▶ What to produce:
Of the material below, the lines to be retyped are those from the line containing "F g \<longleftrightarrow>" through the line containing "g \<longleftrightarrow> (\<exists>F.", inclusive; reproduce them exactly.
╔══
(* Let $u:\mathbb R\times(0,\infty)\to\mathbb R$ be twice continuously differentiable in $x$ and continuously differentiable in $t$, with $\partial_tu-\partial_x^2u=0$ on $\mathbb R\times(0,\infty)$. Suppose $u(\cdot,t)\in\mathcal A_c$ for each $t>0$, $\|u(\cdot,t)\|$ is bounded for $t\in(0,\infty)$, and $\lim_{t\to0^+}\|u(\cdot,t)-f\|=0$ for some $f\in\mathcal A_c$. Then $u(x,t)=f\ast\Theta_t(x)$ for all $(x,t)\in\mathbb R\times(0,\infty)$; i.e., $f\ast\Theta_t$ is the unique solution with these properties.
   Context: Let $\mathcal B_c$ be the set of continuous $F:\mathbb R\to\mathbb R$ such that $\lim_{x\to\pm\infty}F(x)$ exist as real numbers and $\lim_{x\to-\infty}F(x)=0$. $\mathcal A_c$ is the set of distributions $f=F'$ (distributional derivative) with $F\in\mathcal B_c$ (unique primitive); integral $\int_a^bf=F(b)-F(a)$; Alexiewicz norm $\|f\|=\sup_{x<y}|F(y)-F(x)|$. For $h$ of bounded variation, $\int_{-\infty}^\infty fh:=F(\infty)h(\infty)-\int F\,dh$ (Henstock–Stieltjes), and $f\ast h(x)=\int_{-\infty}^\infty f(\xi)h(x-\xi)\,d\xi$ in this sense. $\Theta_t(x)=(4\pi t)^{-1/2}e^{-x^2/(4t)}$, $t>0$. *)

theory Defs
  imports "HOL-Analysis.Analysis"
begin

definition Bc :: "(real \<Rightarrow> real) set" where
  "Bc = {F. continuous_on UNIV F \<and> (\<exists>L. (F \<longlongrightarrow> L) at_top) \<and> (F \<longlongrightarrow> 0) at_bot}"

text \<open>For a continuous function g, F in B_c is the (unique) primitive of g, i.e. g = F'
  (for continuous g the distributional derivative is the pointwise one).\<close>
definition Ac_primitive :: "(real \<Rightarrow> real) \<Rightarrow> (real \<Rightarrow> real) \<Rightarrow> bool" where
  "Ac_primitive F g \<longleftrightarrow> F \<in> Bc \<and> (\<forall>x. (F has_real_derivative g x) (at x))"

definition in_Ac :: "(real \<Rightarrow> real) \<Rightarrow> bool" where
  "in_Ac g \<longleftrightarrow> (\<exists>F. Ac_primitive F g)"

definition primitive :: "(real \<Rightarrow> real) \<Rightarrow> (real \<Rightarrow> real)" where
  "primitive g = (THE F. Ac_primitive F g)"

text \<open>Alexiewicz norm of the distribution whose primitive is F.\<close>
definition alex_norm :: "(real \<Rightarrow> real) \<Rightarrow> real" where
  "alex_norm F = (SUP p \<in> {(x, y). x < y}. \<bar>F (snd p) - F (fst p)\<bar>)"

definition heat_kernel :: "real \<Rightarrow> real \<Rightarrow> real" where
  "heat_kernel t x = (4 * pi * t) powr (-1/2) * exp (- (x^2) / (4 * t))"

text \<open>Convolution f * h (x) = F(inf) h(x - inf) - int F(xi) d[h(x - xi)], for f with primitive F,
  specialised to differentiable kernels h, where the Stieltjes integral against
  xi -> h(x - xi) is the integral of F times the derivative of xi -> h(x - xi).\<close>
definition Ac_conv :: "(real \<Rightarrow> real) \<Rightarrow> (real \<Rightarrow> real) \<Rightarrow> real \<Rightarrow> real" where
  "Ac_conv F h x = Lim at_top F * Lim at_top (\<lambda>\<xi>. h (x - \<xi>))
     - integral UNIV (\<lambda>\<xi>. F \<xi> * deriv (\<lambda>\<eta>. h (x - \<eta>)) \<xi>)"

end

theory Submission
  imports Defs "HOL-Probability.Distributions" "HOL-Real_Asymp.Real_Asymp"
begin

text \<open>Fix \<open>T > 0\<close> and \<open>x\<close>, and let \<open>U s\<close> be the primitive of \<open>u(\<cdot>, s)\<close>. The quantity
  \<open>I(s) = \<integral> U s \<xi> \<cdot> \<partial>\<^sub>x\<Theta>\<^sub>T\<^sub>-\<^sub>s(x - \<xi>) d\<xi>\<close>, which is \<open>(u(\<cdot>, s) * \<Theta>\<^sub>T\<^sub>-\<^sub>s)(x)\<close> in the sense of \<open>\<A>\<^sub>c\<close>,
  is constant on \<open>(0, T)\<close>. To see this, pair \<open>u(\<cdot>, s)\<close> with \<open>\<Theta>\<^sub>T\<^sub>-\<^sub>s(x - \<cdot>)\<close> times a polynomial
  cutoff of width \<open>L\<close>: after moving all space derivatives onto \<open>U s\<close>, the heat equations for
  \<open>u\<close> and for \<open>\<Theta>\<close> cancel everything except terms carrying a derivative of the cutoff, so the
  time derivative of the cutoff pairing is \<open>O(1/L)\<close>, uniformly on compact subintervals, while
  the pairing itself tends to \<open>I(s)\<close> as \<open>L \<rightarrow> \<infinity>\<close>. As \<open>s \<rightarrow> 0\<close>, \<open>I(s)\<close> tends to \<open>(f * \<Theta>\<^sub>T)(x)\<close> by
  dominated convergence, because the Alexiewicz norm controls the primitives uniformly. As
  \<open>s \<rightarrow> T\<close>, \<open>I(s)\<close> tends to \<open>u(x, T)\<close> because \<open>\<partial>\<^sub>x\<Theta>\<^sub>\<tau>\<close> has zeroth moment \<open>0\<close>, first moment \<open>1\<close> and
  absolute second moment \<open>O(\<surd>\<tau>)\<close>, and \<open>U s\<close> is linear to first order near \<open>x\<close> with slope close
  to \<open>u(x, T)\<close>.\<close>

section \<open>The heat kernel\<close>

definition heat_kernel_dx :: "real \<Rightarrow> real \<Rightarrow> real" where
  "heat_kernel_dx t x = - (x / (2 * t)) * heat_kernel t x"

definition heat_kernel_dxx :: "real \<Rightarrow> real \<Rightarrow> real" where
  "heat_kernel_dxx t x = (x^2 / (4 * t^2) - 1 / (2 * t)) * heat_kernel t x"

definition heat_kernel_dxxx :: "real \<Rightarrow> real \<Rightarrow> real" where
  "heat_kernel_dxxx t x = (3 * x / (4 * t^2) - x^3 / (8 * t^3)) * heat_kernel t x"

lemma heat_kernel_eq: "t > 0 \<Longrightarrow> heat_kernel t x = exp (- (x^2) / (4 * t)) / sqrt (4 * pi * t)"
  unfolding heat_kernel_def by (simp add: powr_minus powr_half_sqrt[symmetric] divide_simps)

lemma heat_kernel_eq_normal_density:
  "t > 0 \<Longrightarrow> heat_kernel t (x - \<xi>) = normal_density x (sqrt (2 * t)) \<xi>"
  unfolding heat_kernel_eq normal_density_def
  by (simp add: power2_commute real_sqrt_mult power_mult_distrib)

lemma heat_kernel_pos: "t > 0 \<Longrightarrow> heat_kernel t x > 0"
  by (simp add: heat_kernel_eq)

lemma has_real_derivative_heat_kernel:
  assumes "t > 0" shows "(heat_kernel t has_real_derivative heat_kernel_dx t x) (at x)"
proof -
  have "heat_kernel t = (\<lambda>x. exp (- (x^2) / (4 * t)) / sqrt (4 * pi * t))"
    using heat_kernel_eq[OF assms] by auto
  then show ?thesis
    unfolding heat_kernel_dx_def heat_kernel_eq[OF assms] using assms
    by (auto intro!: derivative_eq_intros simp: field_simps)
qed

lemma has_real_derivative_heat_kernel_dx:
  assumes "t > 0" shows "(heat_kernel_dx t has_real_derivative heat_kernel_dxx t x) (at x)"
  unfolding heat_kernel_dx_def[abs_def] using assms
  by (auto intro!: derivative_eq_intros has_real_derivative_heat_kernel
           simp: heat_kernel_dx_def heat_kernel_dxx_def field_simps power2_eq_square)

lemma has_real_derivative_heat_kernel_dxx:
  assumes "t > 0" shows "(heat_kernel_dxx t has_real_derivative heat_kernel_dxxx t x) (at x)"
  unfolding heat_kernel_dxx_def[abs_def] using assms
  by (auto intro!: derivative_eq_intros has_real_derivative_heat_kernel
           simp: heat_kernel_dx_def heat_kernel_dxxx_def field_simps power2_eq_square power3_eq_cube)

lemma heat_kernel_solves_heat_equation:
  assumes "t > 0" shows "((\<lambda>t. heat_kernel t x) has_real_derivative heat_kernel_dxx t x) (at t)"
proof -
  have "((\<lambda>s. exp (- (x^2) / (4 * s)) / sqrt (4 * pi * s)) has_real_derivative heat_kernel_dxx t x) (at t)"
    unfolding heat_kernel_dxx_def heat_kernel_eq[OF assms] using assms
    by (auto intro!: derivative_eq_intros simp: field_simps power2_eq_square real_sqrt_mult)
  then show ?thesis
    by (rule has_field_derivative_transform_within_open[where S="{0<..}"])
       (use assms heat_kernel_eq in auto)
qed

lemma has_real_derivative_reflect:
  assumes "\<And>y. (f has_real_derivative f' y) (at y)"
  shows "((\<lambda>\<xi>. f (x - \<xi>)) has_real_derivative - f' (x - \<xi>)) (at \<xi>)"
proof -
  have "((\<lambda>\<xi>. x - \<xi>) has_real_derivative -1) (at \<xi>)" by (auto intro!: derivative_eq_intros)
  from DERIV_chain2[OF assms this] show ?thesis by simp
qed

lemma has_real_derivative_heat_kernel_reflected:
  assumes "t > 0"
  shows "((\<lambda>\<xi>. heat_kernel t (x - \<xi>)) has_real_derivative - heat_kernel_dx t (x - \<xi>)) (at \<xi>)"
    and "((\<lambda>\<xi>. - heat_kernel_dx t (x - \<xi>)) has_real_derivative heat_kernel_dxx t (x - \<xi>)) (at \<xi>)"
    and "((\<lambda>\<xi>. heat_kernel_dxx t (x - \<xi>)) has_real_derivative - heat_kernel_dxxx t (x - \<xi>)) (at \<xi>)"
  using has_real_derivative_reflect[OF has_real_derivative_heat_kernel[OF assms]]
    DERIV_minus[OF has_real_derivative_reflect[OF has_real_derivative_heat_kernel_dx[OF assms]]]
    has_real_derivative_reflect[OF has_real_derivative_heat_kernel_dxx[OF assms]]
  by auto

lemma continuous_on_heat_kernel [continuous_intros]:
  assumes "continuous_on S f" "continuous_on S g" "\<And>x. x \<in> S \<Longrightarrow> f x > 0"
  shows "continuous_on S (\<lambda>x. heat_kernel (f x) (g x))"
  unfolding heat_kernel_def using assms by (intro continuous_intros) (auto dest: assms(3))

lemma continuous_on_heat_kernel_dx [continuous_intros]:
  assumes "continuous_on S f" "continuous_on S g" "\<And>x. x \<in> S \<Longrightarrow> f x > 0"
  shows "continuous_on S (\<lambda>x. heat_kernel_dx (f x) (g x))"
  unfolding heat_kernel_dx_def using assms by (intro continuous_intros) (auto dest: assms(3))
╚══
▶ Exercise response:
  "Ac_primitive F g \<longleftrightarrow> F \<in> Bc \<and> (\<forall>x. (F has_real_derivative g x) (at x))"

definition in_Ac :: "(real \<Rightarrow> real) \<Rightarrow> bool" where
  "in_Ac g \<longleftrightarrow> (\<exists>F. Ac_primitive F g)"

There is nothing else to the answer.